#### Task material

lemma solution_trapped_near:
  assumes z: "z \<in> (\<Inter>q\<in>Q. argmin_on (f q) (C q))" and \<rho>: "descent_radius y z \<rho>"
    and "0 < \<eta>" "\<eta> \<le> \<rho>" "0 \<le> s" and start: "dist (\<phi> s) y < \<eta> / 2"
    and drop: "\<And>t. s \<le> t \<Longrightarrow> norm (\<phi> s - z)^2 - norm (\<phi> t - z)^2 < \<eta>^2 / 4"
    and "s \<le> t"
  shows "dist (\<phi> t) y < \<eta>"
proof (rule ccontr)
  assume "\<not> dist (\<phi> t) y < \<eta>"
  have "continuous_on {s..t} (\<lambda>u. dist (\<phi> u) y)"
    using abs_continuous_on_imp_continuous_on[OF abs_continuous_on_solution[OF \<open>0 \<le> s\<close> \<open>s \<le> t\<close>]]
    by (intro continuous_on_dist continuous_on_const)
  moreover have "dist (\<phi> s) y < \<eta>"
    using start \<open>0 < \<eta>\<close> by linarith
  ultimately obtain \<tau> where \<tau>: "s < \<tau>" "dist (\<phi> \<tau>) y = \<eta>"
    and before: "\<And>u. s \<le> u \<Longrightarrow> u < \<tau> \<Longrightarrow> dist (\<phi> u) y < \<eta>"
    using \<open>\<not> dist (\<phi> t) y < \<eta>\<close> \<open>s \<le> t\<close> by (auto elim!: first_exit_time[of s t "\<lambda>u. dist (\<phi> u) y" \<eta>])
  have "norm (\<phi> \<tau> - y)^2 + 2 * norm (\<phi> \<tau> - z)^2 \<le> norm (\<phi> s - y)^2 + 2 * norm (\<phi> s - z)^2"
  proof (rule energy_antimono_near[OF z \<rho> \<open>0 \<le> s\<close>])
    show "dist (\<phi> u) y < \<rho>" if "s < u" "u < \<tau>" for u
      using before[of u] that \<open>\<eta> \<le> \<rho>\<close> by simp
  qed (use \<tau> in simp)
  moreover have "norm (\<phi> s - y)^2 < (\<eta> / 2)^2"
    using start by (intro power_strict_mono) (auto simp: dist_norm)
  moreover have "norm (\<phi> \<tau> - y)^2 = \<eta>^2"
    using \<tau>(2) by (simp add: dist_norm)
  moreover have "norm (\<phi> s - z)^2 - norm (\<phi> \<tau> - z)^2 < \<eta>^2 / 4"
    using drop \<tau>(1) by simp
  moreover have "0 < \<eta>^2"
    using \<open>0 < \<eta>\<close> by simp
  ultimately show False
    by (simp add: power_divide)
qed

lemma solution_convergent:
  assumes z: "z \<in> (\<Inter>q\<in>Q. argmin_on (f q) (C q))"
  obtains y where "(\<phi> \<longlongrightarrow> y) at_top"
proof -
  have "bounded (range (\<lambda>n. \<phi> (real n)))"
    using bounded_solution[OF z] by (rule bounded_subset) auto
  then obtain y r where r: "strict_mono r" and lim: "((\<lambda>n. \<phi> (real n)) \<circ> r) \<longlonglongrightarrow> y"
    using bounded_imp_convergent_subsequence by blast
  obtain \<rho> where \<rho>: "descent_radius y z \<rho>"
    using ex_descent_radius by blast
  have "(\<phi> \<longlongrightarrow> y) at_top"
  proof (rule tendstoI)
    fix \<epsilon> :: real assume "\<epsilon> > 0"
    define \<eta> where "\<eta> = min \<epsilon> \<rho>"
    have \<eta>: "0 < \<eta>" "\<eta> \<le> \<rho>" "\<eta> \<le> \<epsilon>"
      using \<open>\<epsilon> > 0\<close> \<rho> by (auto simp: \<eta>_def descent_radius_def)
    obtain T where "0 \<le> T"
      and T: "\<And>s t. T \<le> s \<Longrightarrow> s \<le> t \<Longrightarrow> norm (\<phi> s - z)^2 - norm (\<phi> t - z)^2 < \<eta>^2 / 4"
      using nonincreasing_bounded_below_small_drop[of "\<lambda>t. norm (\<phi> t - z)^2" "\<eta>^2 / 4"]
        sqdist_antimono[OF z] \<open>0 < \<eta>\<close> by auto
    have "filterlim (\<lambda>n. real (r n)) at_top sequentially"
      using filterlim_compose[OF filterlim_real_sequentially filterlim_subseq[OF r]] by (simp add: comp_def)
    then have "eventually (\<lambda>n. T \<le> real (r n)) sequentially"
      by (simp add: filterlim_at_top)
    moreover have "eventually (\<lambda>n. dist (\<phi> (real (r n))) y < \<eta> / 2) sequentially"
      using lim \<open>0 < \<eta>\<close> unfolding comp_def by (intro tendstoD) auto
    ultimately obtain n where n: "T \<le> real (r n)" "dist (\<phi> (real (r n))) y < \<eta> / 2"
      using eventually_happens'[OF trivial_limit_sequentially eventually_conj] by blast
    have "dist (\<phi> t) y < \<epsilon>" if "real (r n) \<le> t" for t
    proof -
      have "dist (\<phi> t) y < \<eta>"
        using solution_trapped_near[OF z \<rho> \<eta>(1,2) _ n(2) _ that] T n(1) \<open>0 \<le> T\<close> by auto
      with \<eta>(3) show ?thesis
        by simp
    qed
    then show "eventually (\<lambda>t. dist (\<phi> t) y < \<epsilon>) at_top"
      unfolding eventually_at_top_linorder by blast
  qed
  then show thesis
    by (rule that)
qed

lemma limit_mem_C:
  assumes lim: "(\<phi> \<longlongrightarrow> y) at_top" and q: "q \<in> Q"
    and persistent: "emeasure lebesgue {t. 0 \<le> t \<and> \<sigma> t = q} = \<infinity>"
  shows "y \<in> C q"
proof (rule ccontr)
  assume "y \<notin> C q"
  then have "eventually (\<lambda>t. \<phi> t \<in> - C q) at_top"
    using lim closed_C[OF q] by (intro topological_tendstoD) auto
  then obtain T where T: "\<And>t. T \<le> t \<Longrightarrow> \<phi> t \<notin> C q"
    unfolding eventually_at_top_linorder by auto
  have "AE t in lebesgue. max T 0 \<le> t \<longrightarrow> \<not> \<sigma> t = q"
    using AE_sqdist_derivative_le by eventually_elim (use T in auto)
  then have "emeasure lebesgue {t. 0 \<le> t \<and> \<sigma> t = q} < \<infinity>"
    by (rule emeasure_finite_if_AE_eventually_not)
  with persistent show False
    by simp
qed

lemma sqdist_decrease_while_above:
  assumes z: "z \<in> (\<Inter>q\<in>Q. argmin_on (f q) (C q))" and "q \<in> Q" "0 \<le> a" "a \<le> b"
    and above: "\<And>t. a < t \<Longrightarrow> t < b \<Longrightarrow> \<sigma> t = q \<and> f q z + c \<le> f q (\<phi> t)"
  shows "norm (\<phi> b - z)^2 + 2 * c * (b - a) \<le> norm (\<phi> a - z)^2"
proof -
  have "norm (\<phi> b - z)^2 - norm (\<phi> a - z)^2 \<le> (- 2 * c) * (b - a)"
  proof (rule abs_continuous_on_increment_le[where h = "\<lambda>u. norm (\<phi> u - z)^2"])
    show "abs_continuous_on a b (\<lambda>u. norm (\<phi> u - z)^2)"
      using abs_continuous_on_solution[OF assms(3,4)] by (rule abs_continuous_on_norm_diff_power2)
    have "z \<in> C q"
      using z \<open>q \<in> Q\<close> by (auto simp: argmin_on_def)
    show "AE t in lebesgue. a < t \<and> t < b \<longrightarrow>
        (\<exists>D. ((\<lambda>u. norm (\<phi> u - z)^2) has_real_derivative D) (at t) \<and> D \<le> - 2 * c)"
      using AE_sqdist_derivative_le
    proof eventually_elim
      case (elim t)
      show ?case
      proof
        assume t: "a < t \<and> t < b"
        then have "\<sigma> t = q" "f q z + c \<le> f q (\<phi> t)" "0 \<le> t"
          using above \<open>0 \<le> a\<close> by auto
        then obtain D where "((\<lambda>u. norm (\<phi> u - z)^2) has_real_derivative D) (at t)"
            "D \<le> 2 * (f q z - f q (\<phi> t))"
          using elim \<open>z \<in> C q\<close> by blast
        with \<open>f q z + c \<le> f q (\<phi> t)\<close> show "\<exists>D. ((\<lambda>u. norm (\<phi> u - z)^2) has_real_derivative D) (at t) \<and>
            D \<le> - 2 * c"
          by (intro exI[of _ D]) auto
      qed
    qed
  qed (fact \<open>a \<le> b\<close>)
  then show ?thesis
    by (simp add: algebra_simps)
qed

########

## Your objective
For the data above, state only how many lines include the word "sigma".

## Written solution
5